= Jeanne Thomarat =

Jeanne Aline Thomarat (1893 - 1985) was a French-born Canadian outsider artist who lived and worked in Saskatchewan. She is known for her landscape paintings.

==Life==
Jeanne Aline Thomarat was born in Lyon in 1893 and came to Canada in 1905, when she was twelve. She lived near Hafford, Saskatchewan. She returned briefly to France in 1921 where she married Armand Thomarat, a handyman. The couple settled at Duck Lake. She later moved to Rosthern, where she died in 1985.

==Work==
Thomarat began painting in 1952, when she was 59 years old. She painted peaceful landscapes that she remembered from France using oils. She was self-taught and did not desire any formal art training; she considered herself a "primitive" artist.
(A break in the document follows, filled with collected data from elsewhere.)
lemma balls_Rmap_fst_le:
  assumes "is_box n x" "is_box n y" "x ! 0 \<ge> sum_list y"
  shows "balls n (fst (Rmap n x y)) \<le> balls n x"
proof -
  have ly: "length y = n + 1" and lx: "length x = n + 1" using assms is_box_def by auto
  have Q0: "balls n y \<le> Qf n x y 0"
  proof (rule Qf_greatest)
    fix k assume k: "k \<in> {1..n+1}"
    show "balls n y \<le> Qterm n x y 0 k"
    proof (cases "k = 1")
      case True
      have "Qterm n x y 0 1 = (\<Sum>j\<in>{2..n+1}. xc n y (int j))"
        unfolding Qterm_def by (simp add: numeral_2_eq_2)
      also have "\<dots> = balls n y"
        unfolding balls_def by (rule sum.cong) (auto simp: xc_def nat_diff_distrib)
      finally show ?thesis using True by simp
    next
      case False
      hence "Qterm n x y 0 k \<ge> x ! 0" by (intro Qterm_ge_nth_0[OF assms(1,2), of 1]) (use k in auto)
      thus ?thesis using balls_le_sum_list[OF assms(2)] assms(3) by simp
    qed
  qed
  have "Qf n x y 1 \<le> Qterm n x y 1 (n+1)" by (rule Qf_le_Qterm) simp
  also have "Qterm n x y 1 (n+1) = (\<Sum>j\<in>{1..<n+1}. xc n x (1 + int j))"
    unfolding Qterm_def by simp
  also have "\<dots> = balls n x"
    unfolding balls_eq_sum_nth by (rule sum.cong) (auto simp: xc_def)
  finally have Q1: "Qf n x y 1 \<le> balls n x" .
  show ?thesis
    using sum_list_eq_nth_0_plus_balls[of "fst (Rmap n x y)" n] sum_list_Rmap(1)[OF lx ly]
      sum_list_eq_nth_0_plus_balls[OF ly] nth_Rmap_fst[of 0 n x y] Q0 Q1
    by (simp add: length_Rmap)
qed

section \<open>The time evolution T_infinity\<close>

definition is_state :: "nat \<Rightarrow> int list list \<Rightarrow> bool" where
  "is_state n qs \<longleftrightarrow> (\<forall>q\<in>set qs. is_box n q)"

definition capacity :: "int list list \<Rightarrow> int" where
  "capacity qs = sum_list (map sum_list qs)"

lemma is_state_Cons [simp]: "is_state n (q # qs) \<longleftrightarrow> is_box n q \<and> is_state n qs"
  unfolding is_state_def by simp

lemma capacity_Cons [simp]: "capacity (q # qs) = sum_list q + capacity qs"
  unfolding capacity_def by simp

lemma capacity_nonneg: "is_state n qs \<Longrightarrow> capacity qs \<ge> 0"
  unfolding is_state_def capacity_def is_box_def
  by (induction qs) (auto intro: add_nonneg_nonneg sum_list_nonneg)

lemma Tcar_Cons_Rmap [simp]:
  "Tcar n v (q # qs) = fst (Rmap n v q) # Tcar n (snd (Rmap n v q)) qs"
  by (simp split: prod.split)

declare Tcar.simps(2) [simp del]

lemma Tcar_add_nth_0:
  assumes "1 \<le> n"
  shows "is_box n v \<Longrightarrow> is_state n qs \<Longrightarrow> v ! 0 \<ge> capacity qs \<Longrightarrow> c \<ge> 0 \<Longrightarrow>
    Tcar n (v[0 := v ! 0 + c]) qs = Tcar n v qs"
proof (induction qs arbitrary: v)
  case (Cons q qs)
  let ?w = "snd (Rmap n v q)"
  have "v ! 0 \<ge> sum_list q" using Cons.prems capacity_nonneg[of n qs] by simp
  hence "Rmap n (v[0 := v ! 0 + c]) q = (fst (Rmap n v q), ?w[0 := ?w ! 0 + c])"
    using Cons.prems by (intro Rmap_add_nth_0) auto
  moreover have "?w ! 0 \<ge> capacity qs"
    using Rmap_snd_nth_0_ge[of n v q] Cons.prems by simp
  ultimately show ?case using Cons is_box_Rmap[OF assms, of v q] by simp
qed simp

lemma Tl_eq_Tl_capacity:
  assumes "1 \<le> n" "is_state n qs" "l \<ge> nat (capacity qs)"
  shows "Tl n l qs = Tl n (nat (capacity qs)) qs"
proof -
  let ?u = "uvec n (nat (capacity qs))"
  have u: "is_box n ?u" "?u ! 0 \<ge> capacity qs"
    using capacity_nonneg[OF assms(2)] by (simp_all add: is_box_def uvec_def)
  have "Tl n l qs = Tcar n (?u[0 := ?u ! 0 + int (l - nat (capacity qs))]) qs"
    unfolding Tl_def using assms(3) by (simp add: uvec_def)
  also have "\<dots> = Tcar n ?u qs" using Tcar_add_nth_0[OF assms(1) u(1) assms(2) u(2)] by simp
  finally show ?thesis unfolding Tl_def .
qed

lemma Tinf_eq_Tl:
  assumes "1 \<le> n" "is_state n qs" "l \<ge> nat (capacity qs)"
  shows "Tinf n qs = Tl n l qs"
proof -
  let ?r = "Tl n (nat (capacity qs)) qs"
  have "Tinf n qs = ?r"
    unfolding Tinf_def
  proof (rule the_equality)
    show "\<exists>L. \<forall>l\<ge>L. Tl n l qs = ?r" using Tl_eq_Tl_capacity[OF assms(1,2)] by blast
    fix r assume "\<exists>L. \<forall>l\<ge>L. Tl n l qs = r"
    then obtain L where "\<forall>l\<ge>L. Tl n l qs = r" by blast
    thus "r = ?r" using Tl_eq_Tl_capacity[OF assms(1,2), of "max L (nat (capacity qs))"] by simp
  qed
  thus ?thesis using Tl_eq_Tl_capacity[OF assms] by simp
qed

lemma Tinf_eq_Tcar_uvec:
  "1 \<le> n \<Longrightarrow> is_state n qs \<Longrightarrow> Tinf n qs = Tcar n (uvec n (nat (capacity qs))) qs"
  using Tinf_eq_Tl by (simp add: Tl_def)

lemma Tcar_is_state:
  assumes "1 \<le> n"
  shows "is_box n v \<Longrightarrow> is_state n qs \<Longrightarrow>
    is_state n (Tcar n v qs) \<and> map sum_list (Tcar n v qs) = map sum_list qs"
proof (induction qs arbitrary: v)
  case (Cons q qs)
  thus ?case
    using is_box_Rmap[OF assms, of v q] sum_list_Rmap(1)[of v n q] Cons.IH[of "snd (Rmap n v q)"]
    by (simp add: is_box_def)
qed simp

lemma Tinf_pow_is_state:
  assumes "1 \<le> n" "is_state n qs"
  shows "is_state n ((Tinf n ^^ t) qs) \<and> map sum_list ((Tinf n ^^ t) qs) = map sum_list qs"
proof (induction t)
  case (Suc t)
  let ?q = "(Tinf n ^^ t) qs"
  have "Tinf n ?q = Tcar n (uvec n (nat (capacity ?q))) ?q"
    using Tinf_eq_Tcar_uvec[OF assms(1)] Suc by simp
  moreover have "is_box n (uvec n l)" for l by (simp add: is_box_def uvec_def)
  ultimately show ?case using Suc Tcar_is_state[OF assms(1)] by simp
qed (use assms in simp)

lemma length_Tinf_pow: "1 \<le> n \<Longrightarrow> is_state n qs \<Longrightarrow> length ((Tinf n ^^ t) qs) = length qs"
  by (metis Tinf_pow_is_state length_map)

definition ball_total :: "nat \<Rightarrow> int list list \<Rightarrow> int" where
  "ball_total n qs = sum_list (map (balls n) qs)"

lemma ball_total_append: "ball_total n (xs @ ys) = ball_total n xs + ball_total n ys"
  unfolding ball_total_def by simp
==Collections and exhibits==
Thomarat's work is included in public and private collections, including the National Gallery of Canada, the University of Calgary, the Arts Development Branch of Alberta Community Development and the Saskatchewan Arts Board.

==Recognition==
Thomarat's work was included in the first major exhibit of Saskatchewan folk art, Grassroots Saskatchewan, curated by David Thauberger in 1976. She was featured in a CBC television documentary on folk art in 1979.